- _Aim of the exercise_
Write out the data below exactly, beginning with the first line and ending once the line that has "note S = span_over_submodule[OF T G]" is written.

[Dataset entries]
lemma span_over_subring:
  assumes T: "subring T R" and G: "G \<subseteq> carrier R" and one: "\<one> \<in> span_over T G"
    and GG: "\<And>g h. g \<in> G \<Longrightarrow> h \<in> G \<Longrightarrow> g \<otimes> h \<in> span_over T G"
  shows "subring (span_over T G) R"
proof (rule subringI)
  note S = span_over_submodule[OF T G]
  show "span_over T G \<subseteq> carrier R" using submodule_overD(1)[OF S] .
  show "\<one> \<in> span_over T G" by (rule one)
  show "\<ominus> x \<in> span_over T G" if x: "x \<in> span_over T G" for x
  proof -
    have "x \<in> carrier R" using x submodule_overD(1)[OF S] by blast
    then have "\<zero> \<ominus> x = \<ominus> x" by (simp add: a_minus_def)
    then show ?thesis using submodule_over_minus[OF T S submodule_overD(2)[OF S] x] by simp
  qed
  show "x \<otimes> y \<in> span_over T G" if "x \<in> span_over T G" "y \<in> span_over T G" for x y
    using span_over_mult_closed[OF T G GG that] .
  show "x \<oplus> y \<in> span_over T G" if "x \<in> span_over T G" "y \<in> span_over T G" for x y
    using span_over.add[OF that] .
qed

lemma span_over_finsum:
  assumes T: "subring T R" and G: "finite G" "G \<subseteq> carrier R" and x: "x \<in> span_over T G"
  shows "\<exists>a \<in> G \<rightarrow> T. x = finsum R (\<lambda>g. a g \<otimes> g) G"
proof -
  have TC: "T \<subseteq> carrier R" using subringE(1)[OF T] .
  show ?thesis using x
  proof induction
    case zero
    have "finsum R (\<lambda>g. \<zero> \<otimes> g) G = finsum R (\<lambda>_. \<zero>) G"
      by (rule finsum_cong') (use G in auto)
    then show ?case using subringE(2)[OF T] by (intro bexI[of _ "\<lambda>_. \<zero>"]) auto
  next
    case (gen t g)
    have tC: "t \<in> carrier R" using gen TC by blast
    have "finsum R (\<lambda>h. (if h = g then t else \<zero>) \<otimes> h) G
        = finsum R (\<lambda>h. if g = h then t \<otimes> h else \<zero>) G"
      by (rule finsum_cong') (use G tC in auto)
    also have "\<dots> = t \<otimes> g" by (rule finsum_singleton) (use G tC gen in auto)
    finally show ?case
      using gen subringE(2)[OF T] by (intro bexI[of _ "\<lambda>h. if h = g then t else \<zero>"]) auto
  next
    case (add x y)
    then obtain a b where ab: "a \<in> G \<rightarrow> T" "x = finsum R (\<lambda>g. a g \<otimes> g) G"
      "b \<in> G \<rightarrow> T" "y = finsum R (\<lambda>g. b g \<otimes> g) G" by blast
    then have abC: "a g \<in> carrier R" "b g \<in> carrier R" if "g \<in> G" for g using that TC by auto
    have "finsum R (\<lambda>g. (a g \<oplus> b g) \<otimes> g) G = finsum R (\<lambda>g. a g \<otimes> g \<oplus> b g \<otimes> g) G"
      by (rule finsum_cong') (use G abC in \<open>auto simp: l_distr\<close>)
    also have "\<dots> = x \<oplus> y"
      unfolding ab by (rule finsum_addf) (use G abC in auto)
    finally show ?case using ab subringE(7)[OF T] by (intro bexI[of _ "\<lambda>g. a g \<oplus> b g"]) auto
  qed
qed
lemma gl_pair_cancel_right:
  fixes U V :: "'k::field mat"
  assumes "gl_pair n g h" "h' \<in> carrier_mat n n" "U \<in> carrier_mat k n" "V \<in> carrier_mat k n"
    and "U * h' = V * h"
  shows "V = U * (h' * g)"
proof -
  from assms(1) have g: "g \<in> carrier_mat n n" "h \<in> carrier_mat n n" "h * g = 1\<^sub>m n"
    unfolding gl_pair_def by auto
  have "V = V * (h * g)" using g assms(4) by (simp del: assoc_mult_mat)
  also have "\<dots> = (V * h) * g" using assoc_mult_mat[OF assms(4) g(2,1)] by simp
  also have "\<dots> = (U * h') * g" using assms(5) by simp
  also have "\<dots> = U * (h' * g)" using g assms(2,3) by simp
  finally show ?thesis .
qed

lemma cyclic_equiv_if_common_translate:
  fixes C1 :: "'k::field mat"
  assumes gl1: "gl_pair n g1 h1" and gl2: "gl_pair n g2 h2"
    and carrier: "C1 \<in> carrier_mat n n" "C2 \<in> carrier_mat n n" "C3 \<in> carrier_mat n n"
      "D1 \<in> carrier_mat n n" "D2 \<in> carrier_mat n n" "D3 \<in> carrier_mat n n"
      "I1 \<in> carrier_mat n r" "I2 \<in> carrier_mat n r" "J1 \<in> carrier_mat r n" "J2 \<in> carrier_mat r n"
    and eq: "g1 * C1 * h1 = g2 * D1 * h2" "g1 * C2 * h1 = g2 * D2 * h2"
      "g1 * C3 * h1 = g2 * D3 * h2" "g1 * I1 = g2 * I2" "J1 * h1 = J2 * h2"
  shows "cyclic_equiv n (C1, C2, C3, I1, J1) (D1, D2, D3, I2, J2)"
proof -
  from gl1 gl2 have g: "g1 \<in> carrier_mat n n" "h1 \<in> carrier_mat n n"
      "g2 \<in> carrier_mat n n" "h2 \<in> carrier_mat n n"
    unfolding gl_pair_def by auto
  have "gl_pair n h2 g2"
    using gl2 unfolding gl_pair_def by auto
  with gl1 have gl: "gl_pair n (h2 * g1) (h1 * g2)"
    by (rule gl_pair_mult)
  have conj: "V = (h2 * g1) * U * (h1 * g2)"
    if "U \<in> carrier_mat n n" "V \<in> carrier_mat n n" "g1 * U * h1 = g2 * V * h2" for U V
  proof -
    have "g2 * V = (g1 * U) * (h1 * g2)"
      using that g by (intro gl_pair_cancel_right[OF gl2 g(2) _ _ that(3), where k = n]) simp_all
    also have "\<dots> = g1 * (U * (h1 * g2))"
      using assoc_mult_mat[OF g(1) that(1) mult_carrier_mat[OF g(2,3)]] .
    finally have "V = (h2 * g1) * (U * (h1 * g2))"
      using that g by (intro gl_pair_cancel_left[OF gl2 g(1), where k = n]) simp_all
    then show ?thesis
      using assoc_mult_mat[OF mult_carrier_mat[OF g(4,1)] that(1) mult_carrier_mat[OF g(2,3)]]
      by simp
  qed
  show ?thesis
    unfolding cyclic_equiv_def
    using gl conj[OF carrier(1,4) eq(1)] conj[OF carrier(2,5) eq(2)] conj[OF carrier(3,6) eq(3)]
      gl_pair_cancel_left[OF gl2 g(1) carrier(7,8) eq(4)]
      gl_pair_cancel_right[OF gl2 g(2) carrier(9,10) eq(5)]
    by auto
qed

theorem lemma3p5:
  fixes \<phi> :: "complex \<Rightarrow> 'k::field"
    and r n :: nat
    and B1 B2 I J :: "'k mat"
    and X Y :: "'k mat \<times> 'k mat \<times> 'k mat \<times> 'k mat \<times> 'k mat"
  assumes "complex_embedding \<phi>"
    and "stable_ADHM r n B1 B2 I J"
    and "case X of (C1, C2, C3, I', J') \<Rightarrow>
           cyclic_rep r n C1 C2 C3 I' J' \<and> ADHM_equiv n (C1, C2, I', J') (B1, B2, I, J)"
    and "case Y of (D1, D2, D3, I'', J'') \<Rightarrow>
           cyclic_rep r n D1 D2 D3 I'' J'' \<and> ADHM_equiv n (D1, D2, I'', J'') (B1, B2, I, J)"
  shows "cyclic_equiv n X Y"
proof -
  obtain C1 C2 C3 I1 J1 where X: "X = (C1, C2, C3, I1, J1)" by (cases X) auto
  obtain D1 D2 D3 I2 J2 where Y: "Y = (D1, D2, D3, I2, J2)" by (cases Y) auto
  from assms(3) X have cx: "cyclic_rep r n C1 C2 C3 I1 J1"
    and "ADHM_equiv n (C1, C2, I1, J1) (B1, B2, I, J)" by auto
  then obtain g1 h1 where gl1: "gl_pair n g1 h1" and e1: "B1 = g1 * C1 * h1" "B2 = g1 * C2 * h1"
    "I = g1 * I1" "J = J1 * h1" unfolding ADHM_equiv_def by auto
  from assms(4) Y have cy: "cyclic_rep r n D1 D2 D3 I2 J2"
    and "ADHM_equiv n (D1, D2, I2, J2) (B1, B2, I, J)" by auto
  then obtain g2 h2 where gl2: "gl_pair n g2 h2" and e2: "B1 = g2 * D1 * h2" "B2 = g2 * D2 * h2"
    "I = g2 * I2" "J = J2 * h2" unfolding ADHM_equiv_def by auto
  from cx cy have carrier: "C1 \<in> carrier_mat n n" "C2 \<in> carrier_mat n n" "C3 \<in> carrier_mat n n"
      "D1 \<in> carrier_mat n n" "D2 \<in> carrier_mat n n" "D3 \<in> carrier_mat n n"
      "I1 \<in> carrier_mat n r" "I2 \<in> carrier_mat n r" "J1 \<in> carrier_mat r n" "J2 \<in> carrier_mat r n"
    unfolding cyclic_rep_def by auto
  note rel1 = cyclic_rep_conj_relations[OF cx gl1, folded e1(1-3)]
    and rel2 = cyclic_rep_conj_relations[OF cy gl2, folded e2(1-3)]
  have "g1 * C3 * h1 = g2 * D3 * h2"
  proof (rule stable_ADHM_hom_unique[OF assms(2)])
    show "g1 * C3 * h1 \<in> carrier_mat n n" "g2 * D3 * h2 \<in> carrier_mat n n"
      using gl1 gl2 carrier unfolding gl_pair_def by auto
    show "B1 \<in> carrier_mat n n" "B2 \<in> carrier_mat n n"
      using assms(2) unfolding stable_ADHM_def by auto
    show "(g1 * C3 * h1) * I = (g2 * D3 * h2) * I"
      using rel1(3) rel2(3) by simp
  qed (use rel1 rel2 in simp_all)
  with carrier e1 e2 show ?thesis
    unfolding X Y by (intro cyclic_equiv_if_common_translate[OF gl1 gl2 carrier]) simp_all
qed

end
(* Consider two hypotheses $\mathrm{H}_0,\mathrm{H}_1$ with prior probabilities $P(\mathrm{H}_0),P(\mathrm{H}_1)$, where under $\mathrm{H}_i$ the parameter is restricted to a grid $\theta_i^{[1]},\dots,\theta_i^{[N_i]}$ with spacing $\Delta\theta_i$ and prior weights $p(\theta_i^{[n]}\mid\mathrm{H}_i)\Delta\theta_i$, and for each grid point the conditional density of $\mathbf{X}$ lies in a convex uncertainty set $\mathcal{P}_{i,\theta_i^{[n]}}$; let $\mathbb{P}_i=\prod_{n=1}^{N_i}\mathcal{P}_{i,\theta_i^{[n]}}$. For given $\lambda_i,\mu_i\ge0$, $i\in\{0,1\}$, the least favorable distributions maximizing the cost $J^{\mathrm{NP}}_{\mathrm u}=\sum_{i=0}^1P(\mathrm{H}_i)\bigl(\lambda_i\alpha_i(\pi,\boldsymbol p^{\mathrm D}_i)+\mu_i\beta_i(\pi,\boldsymbol p^{\mathrm E}_i)\bigr)$ (over four vectors of distributions $\boldsymbol P^{\mathrm D}_0,\boldsymbol P^{\mathrm E}_0\in\mathbb{P}_0$, $\boldsymbol P^{\mathrm D}_1,\boldsymbol P^{\mathrm E}_1\in\mathbb{P}_1$) are given by $$\boldsymbol Q=(\boldsymbol Q^{\mathrm D}_0,\boldsymbol Q^{\mathrm D}_1,\boldsymbol Q^{\mathrm E}_0,\boldsymbol Q^{\mathrm E}_1)=\operatorname*{arg\,max}_{\boldsymbol P^{\mathrm D}_0,\boldsymbol P^{\mathrm E}_0\in\mathbb{P}_0,\ \boldsymbol P^{\mathrm D}_1,\boldsymbol P^{\mathrm E}_1\in\mathbb{P}_1}D_{\rho^{\mathrm{NP}}}(\boldsymbol P^{\mathrm D}_0,\boldsymbol P^{\mathrm D}_1,\boldsymbol P^{\mathrm E}_0,\boldsymbol P^{\mathrm E}_1),$$ where $D_{\rho^{\mathrm{NP}}}(\boldsymbol P^{\mathrm D}_0,\boldsymbol P^{\mathrm D}_1,\boldsymbol P^{\mathrm E}_0,\boldsymbol P^{\mathrm E}_1)=\int\rho^{\mathrm{NP}}(\boldsymbol p^{\mathrm D}_0(\mathbf{x}),\boldsymbol p^{\mathrm D}_1(\mathbf{x}),\boldsymbol p^{\mathrm E}_0(\mathbf{x}),\boldsymbol p^{\mathrm E}_1(\mathbf{x}))\,\mathrm{d}\mathbf{x}$ is the $f$-similarity induced by $\rho^{\mathrm{NP}}=\min\{\tilde D_0^{\mathrm{NP}},\tilde D_1^{\mathrm{NP}}\}$ with $$\tilde D_i^{\mathrm{NP}}(\boldsymbol s^{\mathrm D}_0,\boldsymbol s^{\mathrm D}_1,\boldsymbol s^{\mathrm E}_0,\boldsymbol s^{\mathrm E}_1)=\mu_iP(\mathrm{H}_i)\boldsymbol a_i^\top\boldsymbol s^{\mathrm E}_i-\mu_iP(\mathrm{H}_i)\frac{(\boldsymbol b_i^\top\boldsymbol s^{\mathrm E}_i)^2}{\boldsymbol c_i^\top\boldsymbol s^{\mathrm E}_i}+\lambda_{1-i}P(\mathrm{H}_{1-i})\boldsymbol c_{1-i}^\top\boldsymbol s^{\mathrm D}_{1-i},$$ $[\boldsymbol a_i]_n=(\theta_i^{[n]})^2p(\theta_i^{[n]}\mid\mathrm{H}_i)\Delta\theta_i$, $[\boldsymbol b_i]_n=\theta_i^{[n]}p(\theta_i^{[n]}\mid\mathrm{H}_i)\Delta\theta_i$, $[\boldsymbol c_i]_n=p(\theta_i^{[n]}\mid\mathrm{H}_i)\Delta\theta_i$.
   Context: A policy $\pi=(\delta,\hat\theta_0,\hat\theta_1)$ consists of a randomized decision rule $\delta$ with values in $[0,1]$ (probability of accepting $\mathrm{H}_1$) and estimators $\hat\theta_i$. Here $\boldsymbol p^{\mathrm D}_i=(p^{\mathrm D}_{i,\theta_i^{[1]}},\dots,p^{\mathrm D}_{i,\theta_i^{[N_i]}})$ and similarly $\boldsymbol p^{\mathrm E}_i$ are vectors of conditional densities with distributions $\boldsymbol P^{\mathrm D}_i,\boldsymbol P^{\mathrm E}_i$. With parameter integrals replaced by grid sums: $\alpha_0=\mathbb{E}[\delta\mid\mathrm{H}_0]$, $\alpha_1=\mathbb{E}[1-\delta\mid\mathrm{H}_1]$ computed with $\boldsymbol p^{\mathrm D}_i$; $\beta_0=\mathbb{E}[(1-\delta)(\hat\theta_0-\Theta_0)^2\mid\mathrm{H}_0]$, $\beta_1=\mathbb{E}[\delta(\hat\theta_1-\Theta_1)^2\mid\mathrm{H}_1]$ computed with $\boldsymbol p^{\mathrm E}_i$. "Least favorable" means maximizing the cost attained by the cost-minimizing policy, i.e. maximizing $\min_\pi J^{\mathrm{NP}}_{\mathrm u}$. For a continuous, concave, positively homogeneous function $f$ on $\mathbb{R}^N_{\ge0}$ and distributions with densities $p_1,\dots,p_N$, the $f$-similarity is $D_f=\int f(p_1(\mathbf{x}),\dots,p_N(\mathbf{x}))\,\mathrm{d}\mathbf{x}$. *)

theory Defs
  imports "HOL-Analysis.Analysis"
begin

text \<open>Hypothesis index i ranges over {0,1} (type nat).
  N i = number of grid points under H_i; th i n = grid point theta_i^[n] (n < N i);
  pr i n = prior density value p(theta_i^[n] | H_i); Dl i = grid spacing;
  PH i = prior probability P(H_i); lam i, mu i = cost weights. A vector of densities under H_i is P i n (n < N i).\<close>

definition is_density :: "('a::euclidean_space \<Rightarrow> real) \<Rightarrow> bool" where
  "is_density p \<longleftrightarrow> p \<in> borel_measurable lborel \<and> (\<forall>x. 0 \<le> p x)
      \<and> integrable lborel p \<and> integral\<^sup>L lborel p = 1"

definition convex_fun_set :: "('a \<Rightarrow> real) set \<Rightarrow> bool" where
  "convex_fun_set S \<longleftrightarrow>
     (\<forall>p\<in>S. \<forall>q\<in>S. \<forall>t::real. 0 \<le> t \<and> t \<le> 1 \<longrightarrow> (\<lambda>x. t * p x + (1 - t) * q x) \<in> S)"

definition avec :: "(nat \<Rightarrow> nat \<Rightarrow> real) \<Rightarrow> (nat \<Rightarrow> nat \<Rightarrow> real) \<Rightarrow> (nat \<Rightarrow> real) \<Rightarrow> nat \<Rightarrow> nat \<Rightarrow> real" where
  "avec th pr Dl i n = (th i n)\<^sup>2 * pr i n * Dl i"

definition bvec :: "(nat \<Rightarrow> nat \<Rightarrow> real) \<Rightarrow> (nat \<Rightarrow> nat \<Rightarrow> real) \<Rightarrow> (nat \<Rightarrow> real) \<Rightarrow> nat \<Rightarrow> nat \<Rightarrow> real" where
  "bvec th pr Dl i n = th i n * pr i n * Dl i"

definition cvec :: "(nat \<Rightarrow> nat \<Rightarrow> real) \<Rightarrow> (nat \<Rightarrow> real) \<Rightarrow> nat \<Rightarrow> nat \<Rightarrow> real" where
  "cvec pr Dl i n = pr i n * Dl i"

text \<open>Probability of accepting H_1 is d x. "Decision for H_i" indicator: g i x.\<close>
definition acc :: "('a \<Rightarrow> real) \<Rightarrow> nat \<Rightarrow> 'a \<Rightarrow> real" where
  "acc d i x = (if i = 0 then d x else 1 - d x)"

definition alpha_err ::
  "(nat \<Rightarrow> nat) \<Rightarrow> (nat \<Rightarrow> nat \<Rightarrow> real) \<Rightarrow> (nat \<Rightarrow> real) \<Rightarrow> ('a::euclidean_space \<Rightarrow> real)
     \<Rightarrow> (nat \<Rightarrow> nat \<Rightarrow> 'a \<Rightarrow> real) \<Rightarrow> nat \<Rightarrow> real" where
  "alpha_err N pr Dl d PD i =
     (\<Sum>n<N i. cvec pr Dl i n * (LINT x|lborel. acc d i x * PD i n x))"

- _Answer box_
lemma span_over_subring:
  assumes T: "subring T R" and G: "G \<subseteq> carrier R" and one: "\<one> \<in> span_over T G"
    and GG: "\<And>g h. g \<in> G \<Longrightarrow> h \<in> G \<Longrightarrow> g \<otimes> h \<in> span_over T G"
  shows "subring (span_over T G) R"
proof (rule subringI)
  note S = span_over_submodule[OF T G]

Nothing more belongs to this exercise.